The evaluate policy is different from the target policy.

Model-free

No need to prepare an environment dynamics model.

Model-based

Need an environment model to train the policy.

Discrete Action

Deal with discrete action space.

Continuous Action

Deal with continuous action space.

Method

Distributional Reinforcement Learning

Traditional Q-learning estimates the expected return (mean) for each state-action pair. However, in many cases, the returns can be uncertain or variable, and just focusing on the mean may not capture the full picture of this uncertainty.

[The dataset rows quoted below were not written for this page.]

lemma dcmm_eigenvector_entry_bound:
  assumes dcmm: "dcmm_model n K zd th Pm P"
    and ed: "eig_decomp n K (dcmm_H K th Pm P) V d"
    and C4: "cond_C4 c2 c3 c4 n K th Pm" and "0 < c2" "k < K" "l < n"
  shows "\<bar>V l k\<bar> \<le> (c4 / sqrt c2) / sqrt (real n)"
proof -
  obtain z where V: "\<And>m. m < n \<Longrightarrow> V m k = th m * (\<Sum>a<K. Pm m a * z a)"
    using dcmm_eigenvector_factor[OF ed \<open>k < K\<close>] by blast
  have th_pos: "\<And>m. m < n \<Longrightarrow> 0 < th m"
    and rows: "\<And>m. m < n \<Longrightarrow> (\<forall>a<K. 0 \<le> Pm m a) \<and> (\<Sum>a<K. Pm m a) = 1"
    using dcmm by (auto simp: dcmm_model_def)
  define tmin where "tmin = Min (th ` {..<n})"
  have tmin_le: "\<And>m. m < n \<Longrightarrow> tmin \<le> th m" by (simp add: tmin_def)
  have "tmin \<in> th ` {..<n}" unfolding tmin_def using \<open>l < n\<close> by (intro Min_in) auto
  then have "0 < tmin" using th_pos by auto
  have "th l \<le> Max (th ` {..<n})" using \<open>l < n\<close> by simp
  also have "\<dots> \<le> c4 * tmin" using C4 by (simp add: cond_C4_def tmin_def)
  finally have th_l: "th l \<le> c4 * tmin" .
  have "(\<Sum>m<n. (th m * (\<Sum>a<K. Pm m a * z a))\<^sup>2) = 1"
    using eig_decomp_column_sum_sq[OF ed \<open>k < K\<close>] V by simp
  then have "tmin\<^sup>2 * (c2 * real n) * (z a)\<^sup>2 \<le> 1" if "a < K" for a
    using rows C4 tmin_le \<open>0 < tmin\<close> \<open>a < K\<close>
    by (intro mixture_coef_bound_pure_nodes[where Pm = Pm and th = th])
      (auto simp: cond_C4_def)
  then have "\<bar>V l k\<bar> \<le> th l / sqrt (tmin\<^sup>2 * (c2 * real n))"
    using V[OF \<open>l < n\<close>] rows[OF \<open>l < n\<close>] th_pos[OF \<open>l < n\<close>] \<open>0 < tmin\<close> \<open>0 < c2\<close> \<open>l < n\<close>
    by (intro mixture_entry_le) auto
  also have "\<dots> \<le> c4 * tmin / sqrt (tmin\<^sup>2 * (c2 * real n))"
    using th_l \<open>0 < c2\<close> by (intro divide_right_mono) auto
  also have "\<dots> = (c4 / sqrt c2) / sqrt (real n)"
    using \<open>0 < tmin\<close> by (simp add: real_sqrt_mult)
  finally show ?thesis .
qed

theorem lemma7:
  fixes K :: nat
  shows
  "(\<forall>(zd::bool) (theta::nat \<Rightarrow> real) (Pm::nat \<Rightarrow> nat \<Rightarrow> nat \<Rightarrow> real)
       (P::nat \<Rightarrow> nat \<Rightarrow> nat \<Rightarrow> real) (V::nat \<Rightarrow> nat \<Rightarrow> nat \<Rightarrow> real) (d::nat \<Rightarrow> nat \<Rightarrow> real)
       (c0::real) (c0'::real) (c1::real).
      (\<forall>\<^sub>F n in sequentially.
          mm_model n K zd (theta n) (Pm n) (P n) \<and>
          eig_decomp n K (dcmm_H K (\<lambda>_. sqrt (theta n)) (Pm n) (P n)) (V n) (d n) \<and>
          eig_gap c0 K (d n) \<and>
          cond_C2 c0' c1 n K (theta n) (Pm n) (P n)) \<and>
      0 < c0 \<and>
      filterlim (\<lambda>n. alpha_n n zd (dcmm_H K (\<lambda>_. sqrt (theta n)) (Pm n) (P n))) at_top sequentially \<and>
      0 < c0' \<and> c0' < 1 \<and> 0 < c1 \<and> c1 < 1
    \<longrightarrow> (\<exists>C. \<forall>\<^sub>F n in sequentially. \<forall>k<K. \<forall>l<n. \<bar>V n l k\<bar> \<le> C / sqrt (real n)))
   \<and>
   (\<forall>(zd::bool) (th::nat \<Rightarrow> nat \<Rightarrow> real) (Pm::nat \<Rightarrow> nat \<Rightarrow> nat \<Rightarrow> real)
       (P::nat \<Rightarrow> nat \<Rightarrow> nat \<Rightarrow> real) (V::nat \<Rightarrow> nat \<Rightarrow> nat \<Rightarrow> real) (d::nat \<Rightarrow> nat \<Rightarrow> real)
       (c0::real) (c2::real) (c3::real) (c4::real).
      (\<forall>\<^sub>F n in sequentially.
          dcmm_model n K zd (th n) (Pm n) (P n) \<and>
          eig_decomp n K (dcmm_H K (th n) (Pm n) (P n)) (V n) (d n) \<and>
          eig_gap c0 K (d n) \<and>
          cond_C4 c2 c3 c4 n K (th n) (Pm n)) \<and>
      0 < c0 \<and>
      filterlim (\<lambda>n. alpha_n n zd (dcmm_H K (th n) (Pm n) (P n))) at_top sequentially \<and>
      0 < c2 \<and> c2 < 1 \<and> 0 < c3 \<and> c3 < 1 \<and> 0 < c4
    \<longrightarrow> (\<exists>C. \<forall>\<^sub>F n in sequentially. \<forall>k<K. \<forall>l<n. \<bar>V n l k\<bar> \<le> C / sqrt (real n)))"
proof (intro conjI allI impI, goal_cases mixed_membership degree_corrected)
  case (mixed_membership zd theta Pm P V d c0 c0' c1)
  then have "\<forall>\<^sub>F n in sequentially. \<forall>k<K. \<forall>l<n. \<bar>V n l k\<bar> \<le> (1 / sqrt c0') / sqrt (real n)"
    by (elim conjE eventually_mono) (blast intro: mm_eigenvector_entry_bound)
  then show ?case ..
next
  case (degree_corrected zd th Pm P V d c0 c2 c3 c4)
  then have "\<forall>\<^sub>F n in sequentially. \<forall>k<K. \<forall>l<n. \<bar>V n l k\<bar> \<le> (c4 / sqrt c2) / sqrt (real n)"
    by (elim conjE eventually_mono) (blast intro: dcmm_eigenvector_entry_bound)
  then show ?case ..
qed

end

Distributional reinforcement learning seeks to model the distribution of possible returns for each state-action pair, not just the expected value.

Quantile Regression

Quantile regression is a technique that estimates specific quantiles (e.g., the 50th percentile, 90th percentile) of a distribution, rather than the mean. This allows the model to capture the entire distribution of the possible returns, providing richer information about the variability in future rewards.

In QR-DQN, instead of learning a single Q-value, the agent learns multiple quantiles of the distribution over the Q-values.

Architecture of QR-DQN

In QR-DQN, the Q-value function is represented by a distribution over possible returns. Specifically, the agent approximates the quantile function of the return distribution using a set of quantile values.

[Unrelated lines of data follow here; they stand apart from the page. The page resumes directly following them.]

lemma bregman_le_inner_gradient_diff:
  fixes f :: "'a::real_inner \<Rightarrow> real"
  assumes d: "\<forall>z. (f has_derivative (\<lambda>h. g z \<bullet> h)) (at z)"
    and sc: "strongly_convex_on UNIV mu f"
  shows "bregman f g x y + mu / 2 * (norm (y - x))\<^sup>2 \<le> (g y - g x) \<bullet> (y - x)"
proof -
  have "bregman f g x y + bregman f g y x = (g y - g x) \<bullet> (y - x)"
    unfolding bregman_def by (simp add: inner_diff_left inner_diff_right algebra_simps)
  moreover have "mu / 2 * (norm (y - x))\<^sup>2 \<le> bregman f g y x"
    using bregman_ge_strongly_convex[OF d sc, of x y] by (simp add: norm_minus_commute)
  ultimately show ?thesis by linarith
qed

lemma norm_le_of_strongly_monotone:
  fixes a e :: "'a::real_inner"
  assumes "mu * (norm e)\<^sup>2 \<le> a \<bullet> e" "0 \<le> mu"
  shows "mu\<^sup>2 * (norm e)\<^sup>2 \<le> (norm a)\<^sup>2"
proof -
  have "mu * (norm e)\<^sup>2 \<le> norm a * norm e" using assms(1) norm_cauchy_schwarz[of a e] by linarith
  hence "mu * norm e \<le> norm a"
    using assms(2) by (cases "norm e = 0") (auto simp: power2_eq_square)
  hence "(mu * norm e)\<^sup>2 \<le> (norm a)\<^sup>2" using assms(2) by (intro power_mono) auto
  thus ?thesis by (simp add: power_mult_distrib)
qed

definition smooth_strongly_convex :: "real \<Rightarrow> real \<Rightarrow> ('a::real_inner \<Rightarrow> real) \<Rightarrow> ('a \<Rightarrow> 'a) \<Rightarrow> bool" where
  "smooth_strongly_convex mu L f g \<longleftrightarrow>
     (\<forall>z. (f has_derivative (\<lambda>h. g z \<bullet> h)) (at z)) \<and> L-lipschitz_on UNIV g \<and>
     strongly_convex_on UNIV mu f"

lemma smooth_strongly_convexD:
  assumes "smooth_strongly_convex mu L f g"
  shows "\<forall>z. (f has_derivative (\<lambda>h. g z \<bullet> h)) (at z)" "L-lipschitz_on UNIV g"
    and "strongly_convex_on UNIV mu f"
  using assms by (simp_all add: smooth_strongly_convex_def)

lemma bregman_nonneg:
  assumes "smooth_strongly_convex mu L f g" "0 \<le> mu"
  shows "0 \<le> bregman f g x y"
proof -
  have "0 \<le> mu / 2 * (norm (y - x))\<^sup>2" using assms(2) by simp
  also have "\<dots> \<le> bregman f g x y"
    using bregman_ge_strongly_convex smooth_strongly_convexD(1,3)[OF assms(1)] .
  finally show ?thesis .
qed

lemma strong_convexity_le_lipschitz:
  fixes f :: "'a::real_inner \<Rightarrow> real" and u :: 'a
  assumes "smooth_strongly_convex mu L f g" and "u \<noteq> 0"
  shows "mu \<le> L"
proof -
  have "mu / 2 * (norm u)\<^sup>2 \<le> L / 2 * (norm u)\<^sup>2"
    using bregman_ge_strongly_convex[of f g mu u 0] bregman_le_lipschitz_gradient[of f g L 0 u]
      smooth_strongly_convexD[OF assms(1)] by simp
  thus ?thesis using assms(2) by simp
qed

section \<open>Means over finite index sets\<close>

definition mean :: "'i set \<Rightarrow> ('i \<Rightarrow> 'a::real_vector) \<Rightarrow> 'a" where
  "mean I h = (1 / real (card I)) *\<^sub>R (\<Sum>i\<in>I. h i)"

lemma mean_const: "finite I \<Longrightarrow> I \<noteq> {} \<Longrightarrow> mean I (\<lambda>_. c) = c"
  by (simp add: mean_def sum_constant_scaleR)

lemma mean_add: "mean I (\<lambda>i. u i + v i) = mean I u + mean I v"
  by (simp add: mean_def sum.distrib scaleR_add_right)

lemma mean_diff: "mean I (\<lambda>i. u i - v i) = mean I u - mean I v"
  by (simp add: mean_def sum_subtractf scaleR_diff_right)

lemma mean_scale: "mean I (\<lambda>i. c * u i) = c * mean I (u :: _ \<Rightarrow> real)"
  by (simp add: mean_def sum_distrib_left)

lemma mean_scale_right: "mean I (\<lambda>i. u i * c) = mean I (u :: _ \<Rightarrow> real) * c"
  by (simp add: mean_def sum_distrib_right)

lemma mean_divide: "mean I (\<lambda>i. u i / c) = mean I (u :: _ \<Rightarrow> real) / c"
  by (simp add: mean_def sum_divide_distrib mult.commute)

lemma inner_mean_left: "mean I u \<bullet> e = mean I (\<lambda>i. u i \<bullet> e)"
  by (simp add: mean_def inner_sum_left)

lemma mean_mono: "(\<And>i. i \<in> I \<Longrightarrow> u i \<le> v i) \<Longrightarrow> mean I u \<le> mean I (v :: _ \<Rightarrow> real)"
  by (simp add: mean_def sum_mono divide_right_mono)

lemma mean_nonneg: "(\<And>i. i \<in> I \<Longrightarrow> 0 \<le> u i) \<Longrightarrow> 0 \<le> mean I (u :: _ \<Rightarrow> real)"
  by (simp add: mean_def sum_nonneg)

lemma mean_norm_sq_eq_variance:
  fixes z :: "'i \<Rightarrow> 'a::real_inner"
  assumes "finite I" "I \<noteq> {}"
  shows "mean I (\<lambda>i. (norm (z i))\<^sup>2) = mean I (\<lambda>i. (norm (z i - mean I z))\<^sup>2) + (norm (mean I z))\<^sup>2"
proof -
  have "(norm (z i - mean I z))\<^sup>2 = (norm (z i))\<^sup>2 - 2 * (z i \<bullet> mean I z) + (norm (mean I z))\<^sup>2" for i
    by (simp add: power2_norm_eq_inner inner_diff_left inner_diff_right inner_commute)
  hence "mean I (\<lambda>i. (norm (z i - mean I z))\<^sup>2)
      = mean I (\<lambda>i. (norm (z i))\<^sup>2) - 2 * (mean I z \<bullet> mean I z) + (norm (mean I z))\<^sup>2"
    using assms by (simp add: mean_add mean_diff mean_scale mean_const inner_mean_left)
  thus ?thesis by (simp add: power2_norm_eq_inner)
qed

lemma norm_diff_sq_le: "(norm (u - v :: 'a::real_inner))\<^sup>2 \<le> 2 * (norm u)\<^sup>2 + 2 * (norm v)\<^sup>2"
proof -
  have "(norm (u - v))\<^sup>2 + (norm (u + v))\<^sup>2 = 2 * (norm u)\<^sup>2 + 2 * (norm v)\<^sup>2"
    unfolding power2_norm_eq_inner
    by (simp add: inner_diff_left inner_diff_right inner_add_left inner_add_right inner_commute)
  thus ?thesis by (metis le_add_same_cancel1 zero_le_power2)
qed

text \<open>The second moment of the SAGA correction a - b + mean b: its mean is mean a, and
  its variance is at most twice the sum of the variances of a and b.\<close>
lemma mean_norm_sq_saga_le:
  fixes a b :: "'i \<Rightarrow> 'a::real_inner"
  assumes I: "finite I" "I \<noteq> {}"
  shows "mean I (\<lambda>i. (norm (a i - b i + mean I b))\<^sup>2)
       \<le> 2 * mean I (\<lambda>i. (norm (a i))\<^sup>2) + 2 * mean I (\<lambda>i. (norm (b i))\<^sup>2) - (norm (mean I a))\<^sup>2"
proof -
  define z where "z = (\<lambda>i. a i - b i + mean I b)"
  have mz: "mean I z = mean I a"
    using I by (simp add: z_def mean_add mean_diff mean_const)
  have "(norm (z i - mean I a))\<^sup>2 \<le> 2 * (norm (a i - mean I a))\<^sup>2 + 2 * (norm (b i - mean I b))\<^sup>2" for i
    using norm_diff_sq_le[of "a i - mean I a" "b i - mean I b"] by (simp add: z_def algebra_simps)
  hence "mean I (\<lambda>i. (norm (z i - mean I a))\<^sup>2)
      \<le> 2 * mean I (\<lambda>i. (norm (a i - mean I a))\<^sup>2) + 2 * mean I (\<lambda>i. (norm (b i - mean I b))\<^sup>2)"
    by (simp add: mean_mono flip: mean_scale mean_add)
  moreover have "mean I (\<lambda>i. (norm (z i))\<^sup>2)
      = mean I (\<lambda>i. (norm (z i - mean I a))\<^sup>2) + (norm (mean I a))\<^sup>2"
    using mean_norm_sq_eq_variance[OF I, of z] unfolding mz .
  ultimately show ?thesis
    using mean_norm_sq_eq_variance[OF I, of a] mean_norm_sq_eq_variance[OF I, of b]
      zero_le_power2[of "norm (mean I b)"]
    unfolding z_def by linarith
qed

lemma mean_cong: "(\<And>i. i \<in> I \<Longrightarrow> u i = v i) \<Longrightarrow> mean I u = mean I v"
  by (simp add: mean_def)

lemma mean_swap: "mean I (\<lambda>l. mean I (\<lambda>i. h i l)) = mean I (\<lambda>i. mean I (\<lambda>l. h i l))"
  unfolding mean_def scaleR_sum_right[symmetric] by (subst sum.swap) (rule refl)

text \<open>Refreshing the table entry of a uniformly drawn index l replaces one of the k stored
  values by the current one, on average.\<close>
lemma mean_after_uniform_refresh:
  fixes u w :: "'i \<Rightarrow> real"
  assumes "finite I"
  shows "mean I (\<lambda>l. mean I (\<lambda>i. if i = l then u i else w i))
    = mean I u / real (card I) + (1 - 1 / real (card I)) * mean I w"
proof -
  define k where "k = real (card I)"
  have "mean I (\<lambda>l. if i = l then u i else w i) = (1 / k) * u i + (1 - 1 / k) * w i"
    if i: "i \<in> I" for i
  proof -
    have "(\<Sum>l\<in>I. if i = l then u i else w i) = u i + (\<Sum>l\<in>I - {i}. if i = l then u i else w i)"
      using i assms by (simp add: sum.remove)
    also have "(\<Sum>l\<in>I - {i}. if i = l then u i else w i) = (\<Sum>l\<in>I - {i}. w i)"
      by (intro sum.cong) auto
    also have "\<dots> = (k - 1) * w i"
    proof -
      have "1 \<le> card I" using i assms card_0_eq by fastforce
      thus ?thesis using i assms by (simp add: k_def of_nat_diff)
    qed
    finally have "(\<Sum>l\<in>I. if i = l then u i else w i) = u i + (k - 1) * w i" .
    moreover have "0 < k" using i assms card_gt_0_iff unfolding k_def by fastforce
    ultimately show ?thesis unfolding mean_def k_def[symmetric] by (simp add: field_simps)
  qed
  hence "mean I (\<lambda>i. mean I (\<lambda>l. if i = l then u i else w i))
      = mean I (\<lambda>i. (1 / k) * u i + (1 - 1 / k) * w i)"
    by (rule mean_cong)
  also have "\<dots> = (1 / k) * mean I u + (1 - 1 / k) * mean I w"
    by (simp only: mean_add mean_scale)
  finally show ?thesis by (subst mean_swap) (simp add: k_def)
qed

lemma expectation_pmf_of_set_eq_mean:
  "finite S \<Longrightarrow> S \<noteq> {} \<Longrightarrow> measure_pmf.expectation (pmf_of_set S) h = mean S (h :: _ \<Rightarrow> real)"
  by (simp add: integral_pmf_of_set mean_def)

The quantiles \(\tau_i\) (where \(\tau_i \in [0, 1]\)) correspond to different points in the return distribution (e.g., the 10th, 50th, and 90th percentiles). The algorithm learns a quantile regression loss to estimate the quantiles of the Q-value distribution, rather than learning a single expected Q-value.

Loss function

QR-DQN uses the quantile Huber loss, which is a combination of the Huber loss function (which is less sensitive to outliers) and the quantile loss. The quantile loss penalizes the model based on how well it predicts the desired quantiles of the Q-value distribution.

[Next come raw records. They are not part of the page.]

(* Let $F(d)=1/d^2$. Let $(x_n)_{n\in\mathbb Z}$ and $(y_n)_{n\in\mathbb Z}$ be two uniformly discrete configurations such that $\{x_n: x_n\ge0\}=\{y_n: y_n\ge 0\}=:W$ and such that, in each of the two configurations, every particle located at a point of $W$ is in equilibrium. Then $\{x_n:x_n<0\}=\{y_n:y_n<0\}$.
   Context: A configuration is a strictly increasing bi-infinite sequence $(x_n)_{n\in\mathbb Z}$ of reals; it is uniformly discrete if there are constants $0<c\le C<\infty$ with $c\le x_n-x_{n-1}\le C$ for all $n\in\mathbb Z$. With force law $F$ (here $F(d)=1/d^2$), the particle at $x_n$ is in equilibrium if $\sum_{m<n}F(x_n-x_m)$ and $\sum_{m>n}F(x_m-x_n)$ are both finite and equal. *)

theory Defs
  imports "HOL-Analysis.Analysis"
begin

definition F :: "real \<Rightarrow> real" where
  "F d = 1 / d\<^sup>2"

definition configuration :: "(int \<Rightarrow> real) \<Rightarrow> bool" where
  "configuration x \<longleftrightarrow> strict_mono x"

definition uniformly_discrete :: "(int \<Rightarrow> real) \<Rightarrow> bool" where
  "uniformly_discrete x \<longleftrightarrow> configuration x \<and>
     (\<exists>c C. 0 < c \<and> c \<le> C \<and> (\<forall>n. c \<le> x n - x (n - 1) \<and> x n - x (n - 1) \<le> C))"

definition in_equilibrium :: "(real \<Rightarrow> real) \<Rightarrow> (int \<Rightarrow> real) \<Rightarrow> int \<Rightarrow> bool" where
  "in_equilibrium G x n \<longleftrightarrow>
     (\<lambda>m. G (x n - x m)) summable_on {..<n} \<and>
     (\<lambda>m. G (x m - x n)) summable_on {n<..} \<and>
     (\<Sum>\<^sub>\<infinity>m\<in>{..<n}. G (x n - x m)) = (\<Sum>\<^sub>\<infinity>m\<in>{n<..}. G (x m - x n))"

end

theory Submission
  imports Defs "HOL-Complex_Analysis.Complex_Analysis"
begin

text \<open>Write the negative part of a configuration as a decreasing sequence $u_0 > u_1 > \dots$.
  Equilibrium of the particle at $w \in W$ says that $S_u(w) = \sum_j 1/(w - u_j)^2$ equals the
  net pull of $W$ on $w$, which depends on $W$ alone; so the negative parts $u$, $v$ of the two
  configurations satisfy $S_u = S_v$ on $W$. The difference $S_u - S_v$ extends to a bounded
  holomorphic function on a right half-plane, and since $W$ grows at most linearly its zeros on $W$
  violate the Blaschke condition, hence $S_u = S_v$ on a whole half-line. Near $u_0$ the sum
  $S_u$ blows up while $S_v$ stays bounded if $v_0 < u_0$, so $u_0 = v_0$; removing the first
  particle and repeating gives $u = v$.\<close>

section \<open>Bounded holomorphic functions with many zeros\<close>

lemma blaschke_norm_identity:
  fixes a w :: complex
  shows "cmod (1 - cnj a * w)^2 = cmod (w - a)^2 + (1 - cmod a^2) * (1 - cmod w^2)"
  unfolding cmod_power2 by (simp add: algebra_simps power2_eq_square)

lemma blaschke_norm_bound:
  fixes a w :: complex
  assumes "cmod a < r" "cmod w = r" "r \<le> 1"
  shows "cmod (1 - cnj a * w) \<le> (1 + (1 - r^2) / (r - cmod a)^2) * cmod (w - a)"
proof -
  define K where "K = 1 + (1 - r^2) / (r - cmod a)^2"
  have dist: "r - cmod a \<le> cmod (w - a)"
    using assms norm_triangle_ineq2[of w a] by simp
  have r2: "0 \<le> 1 - r^2" "0 < r - cmod a"
    using assms by (auto simp: abs_square_le_1)
  have a2: "0 \<le> 1 - cmod a^2" "1 - cmod a^2 \<le> 1"
    using assms by (auto simp: power_le_one)
  have "(1 - cmod a^2) * (1 - r^2) \<le> 1 - r^2"
    using r2 a2 by (simp add: mult_left_le_one_le)
  also have "\<dots> = (1 - r^2) / (r - cmod a)^2 * (r - cmod a)^2"
    using r2 by simp
  also have "\<dots> \<le> (1 - r^2) / (r - cmod a)^2 * cmod (w - a)^2"
    using dist r2 by (intro mult_left_mono power_mono) auto
  finally have "cmod (1 - cnj a * w)^2 \<le> K * cmod (w - a)^2"
    using blaschke_norm_identity[of a w] assms by (simp add: K_def algebra_simps)
  also have "\<dots> \<le> K^2 * cmod (w - a)^2"
  proof -
    have "1 \<le> K" using r2 by (simp add: K_def)
    then show ?thesis by (intro mult_right_mono) (auto simp: power2_eq_square)
  qed
  also have "\<dots> = (K * cmod (w - a))^2"
    by (simp add: power_mult_distrib)
  finally have "cmod (1 - cnj a * w) \<le> K * cmod (w - a)"
    by (rule power2_le_imp_le) (use r2 in \<open>simp add: K_def\<close>)
  then show ?thesis by (simp add: K_def)
qed

lemma norm_le_of_blaschke_mult_le:
  fixes g :: "complex \<Rightarrow> complex"
  assumes holg: "g holomorphic_on ball 0 1" and a: "cmod a < 1" and M: "0 \<le> M"
    and bnd: "\<And>z. cmod z < 1 \<Longrightarrow> z \<noteq> a \<Longrightarrow>
      cmod (g z) * cmod (z - a) \<le> M * cmod (1 - cnj a * z)"
    and z: "cmod z < 1"
  shows "cmod (g z) \<le> M"
proof -
  define K where "K r = M * (1 + (1 - r^2) / (r - cmod a)^2)" for r :: real
  have le_K: "cmod (g z) \<le> K r" if r: "max (cmod z) (cmod a) < r" "r < 1" for r
  proof (rule maximum_modulus_frontier[of g "cball 0 r"])
    show "g holomorphic_on interior (cball 0 r)" "continuous_on (closure (cball 0 r)) g"
      using r by (auto intro!: holomorphic_on_imp_continuous_on holomorphic_on_subset[OF holg])
    show "z \<in> cball 0 r" using r by simp
  next
    fix w :: complex assume "w \<in> frontier (cball 0 r)"
    then have w: "cmod w = r" "w \<noteq> a" using r by auto
    have "cmod (g w) * cmod (w - a) \<le> M * cmod (1 - cnj a * w)"
      using bnd[of w] w r by simp
    also have "\<dots> \<le> K r * cmod (w - a)"
      using blaschke_norm_bound[of a r w] w r M by (auto simp: K_def mult.assoc intro: mult_left_mono)
    finally show "cmod (g w) \<le> K r" using w by simp
  qed simp
  have "(K \<longlongrightarrow> K 1) (at_left (1::real))"
    unfolding K_def using a by (intro tendsto_intros) auto
  moreover have "eventually (\<lambda>r. cmod (g z) \<le> K r) (at_left (1::real))"
  proof -
    have "eventually (\<lambda>r. r \<in> {max (cmod z) (cmod a)<..<1}) (at_left (1::real))"
      using z a by (intro eventually_at_left_real) simp
    then show ?thesis by eventually_elim (use le_K in auto)
  qed
  ultimately have "cmod (g z) \<le> K 1"
    by (intro tendsto_le[OF _ _ tendsto_const]) auto
  then show ?thesis by (simp add: K_def)
qed

text \<open>Dividing out the Blaschke factors of the zeros one at a time.\<close>

lemma norm_at_0_le_prod_zeros:
  fixes f :: "complex \<Rightarrow> complex"
  assumes "finite Z" "Z \<subseteq> ball 0 1 - {0}" "f holomorphic_on ball 0 1"
    and "\<And>z. cmod z < 1 \<Longrightarrow> cmod (f z) \<le> M" and "\<And>z. z \<in> Z \<Longrightarrow> f z = 0"
  shows "cmod (f 0) \<le> M * (\<Prod>z\<in>Z. cmod z)"
  using assms
proof (induction Z arbitrary: f rule: finite_induct)
  case empty
  then show ?case by simp
next
  case (insert a Z f)
  have a: "cmod a < 1" "a \<noteq> 0" "f a = 0" using insert.prems by auto
  have M: "0 \<le> M" using insert.prems(3)[of 0] by (simp add: order_trans[OF norm_ge_zero])
  define q where "q z = (if z = a then deriv f a else f z / (z - a))" for z
  have "q holomorphic_on ball 0 1"
    by (rule pole_theorem_open_0[OF insert.prems(2), of a q]) (auto simp: q_def a)
  then have holg: "(\<lambda>z. q z * (1 - cnj a * z)) holomorphic_on ball 0 1"
    by (intro holomorphic_intros)
  have "cmod (q z * (1 - cnj a * z)) \<le> M" if "cmod z < 1" for z
  proof (rule norm_le_of_blaschke_mult_le[OF holg a(1) M _ that])
    fix u assume u: "cmod u < 1" "u \<noteq> a"
    have "cmod (q u * (1 - cnj a * u)) * cmod (u - a) = cmod (f u) * cmod (1 - cnj a * u)"
      using u by (simp add: q_def norm_mult norm_divide)
    also have "\<dots> \<le> M * cmod (1 - cnj a * u)"
      using insert.prems(3)[OF u(1)] by (intro mult_right_mono) auto
    finally show "cmod (q u * (1 - cnj a * u)) * cmod (u - a) \<le> M * cmod (1 - cnj a * u)" .
  qed
  moreover have "q z * (1 - cnj a * z) = 0" if "z \<in> Z" for z
    using insert.hyps insert.prems(4)[of z] that by (auto simp: q_def)
  ultimately have "cmod (q 0) \<le> M * (\<Prod>z\<in>Z. cmod z)"
    using insert.IH[OF _ holg] insert.prems(1) by auto
  then have "cmod a * cmod (q 0) \<le> cmod a * (M * (\<Prod>z\<in>Z. cmod z))"
    by (rule mult_left_mono) simp
  moreover have "f 0 = - a * q 0" using a by (simp add: q_def)
  ultimately show ?case
    using insert.hyps by (simp add: norm_mult mult_ac)
qed

lemma prod_le_exp_neg_sum_compl:
  fixes a :: "'a \<Rightarrow> real"
  assumes "\<And>k. k \<in> A \<Longrightarrow> 0 \<le> a k"
  shows "(\<Prod>k\<in>A. a k) \<le> exp (- (\<Sum>k\<in>A. 1 - a k))"
proof (cases "finite A")
  case True
  have "(\<Prod>k\<in>A. a k) \<le> (\<Prod>k\<in>A. exp (a k - 1))"
    using assms by (intro prod_mono) (auto intro: order_trans[OF _ exp_ge_add_one_self])
  also have "\<dots> = exp (- (\<Sum>k\<in>A. 1 - a k))"
    using True by (simp add: exp_sum[symmetric] sum_negf[symmetric])
  finally show ?thesis .
qed simp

The quantile loss for a given quantile \(\tau\) is defined as:

\[ L_{\tau}(Q, \hat{Q}) = \rho_{\tau}(r - Q), \]

where \(r\) is the target return (the actual reward or the next state’s predicted value), \(Q\) is the predicted quantile value for a given state-action pair, \(\hat{Q}\) is the corresponding target quantile (from Bellman backup), and \(\rho_{\tau}(z)\) is the check function defined as:

\[ \rho_{\tau}(z) = z(\tau - \mathbb{I}[z<0]), \]

where \(\mathbb{I}[z<0]\) is the indicator function that equals 1 when \(z < 0\) and 0 otherwise.

The quantile regression loss encourages the model to learn quantile values that minimize the discrepancy between the predicted quantiles and the true return distributions.

Algorithm

The full algorithm for training QR-DQN is presented in Algorithm 1:

../../../_images/pseucode-QRDQN.png

Run QR-DQN in XuanCe

Before running QR-DQN in XuanCe, you need to prepare a conda environment and install xuance following the installation steps.

Run Build-in Demos

After completing the installation, you can open a Python console and run QR-DQN directly using the following commands:

import xuance
runner = xuance.get_runner(method='qrdqn',
                           env='classic_control',  # Choices: claasi_control, box2d, atari.
                           env_id='CartPole-v1',  # Choices: CartPole-v1, LunarLander-v2, ALE/Breakout-v5, etc.
                           is_test=False)
runner.run()  # Or runner.benchmark()

Run With Self-defined Configs

If you want to run QR-DQN with different configurations, you can build a new .yaml file, e.g., my_config.yaml. Then, run the QR-DQN by the following code block:

import xuance as xp
runner = xp.get_runner(method='qrdqn',
                       env='classic_control',  # Choices: claasi_control, box2d, atari.
                       env_id='CartPole-v1',  # Choices: CartPole-v1, LunarLander-v2, ALE/Breakout-v5, etc.
                       config_path="my_config.yaml",  # The path of my_config.yaml file should be correct.
                       is_test=False)
runner.run()  # Or runner.benchmark()

To learn more about the configurations, please visit the tutorial of configs.

Run With Custom Environment

If you would like to run XuanCe’s QR-DQN in your own environment that was not included in XuanCe, you need to define the new environment following the steps in New Environment Tutorial. Then, prepapre the configuration file qrdqn_myenv.yaml.

After that, you can run QR-DQN in your own environment with the following code:

import argparse
from xuance.common import get_configs
from xuance.environment import REGISTRY_ENV
from xuance.environment import make_envs
from xuance.torch.agents import QRDQN_Agent

configs_dict = get_configs(file_dir="qrdqn_myenv.yaml")
configs = argparse.Namespace(**configs_dict)
REGISTRY_ENV[configs.env_name] = MyNewEnv

envs = make_envs(configs)  # Make parallel environments.
Agent = QRDQN_Agent(config=configs, envs=envs)  # Create a DDPG agent from XuanCe.
Agent.train(configs.running_steps // configs.parallels)  # Train the model for numerous steps.
Agent.save_model("final_train_model.pth")  # Save the model to model_dir.
Agent.finish()  # Finish the training.

Citations

@inproceedings{dabney2018distributional,
  title={Distributional reinforcement learning with quantile regression},
  author={Dabney, Will and Rowland, Mark and Bellemare, Marc and Munos, R{\'e}mi},
  booktitle={Proceedings of the AAAI conference on artificial intelligence},
  volume={32},
  number={1},
  year={2018}
}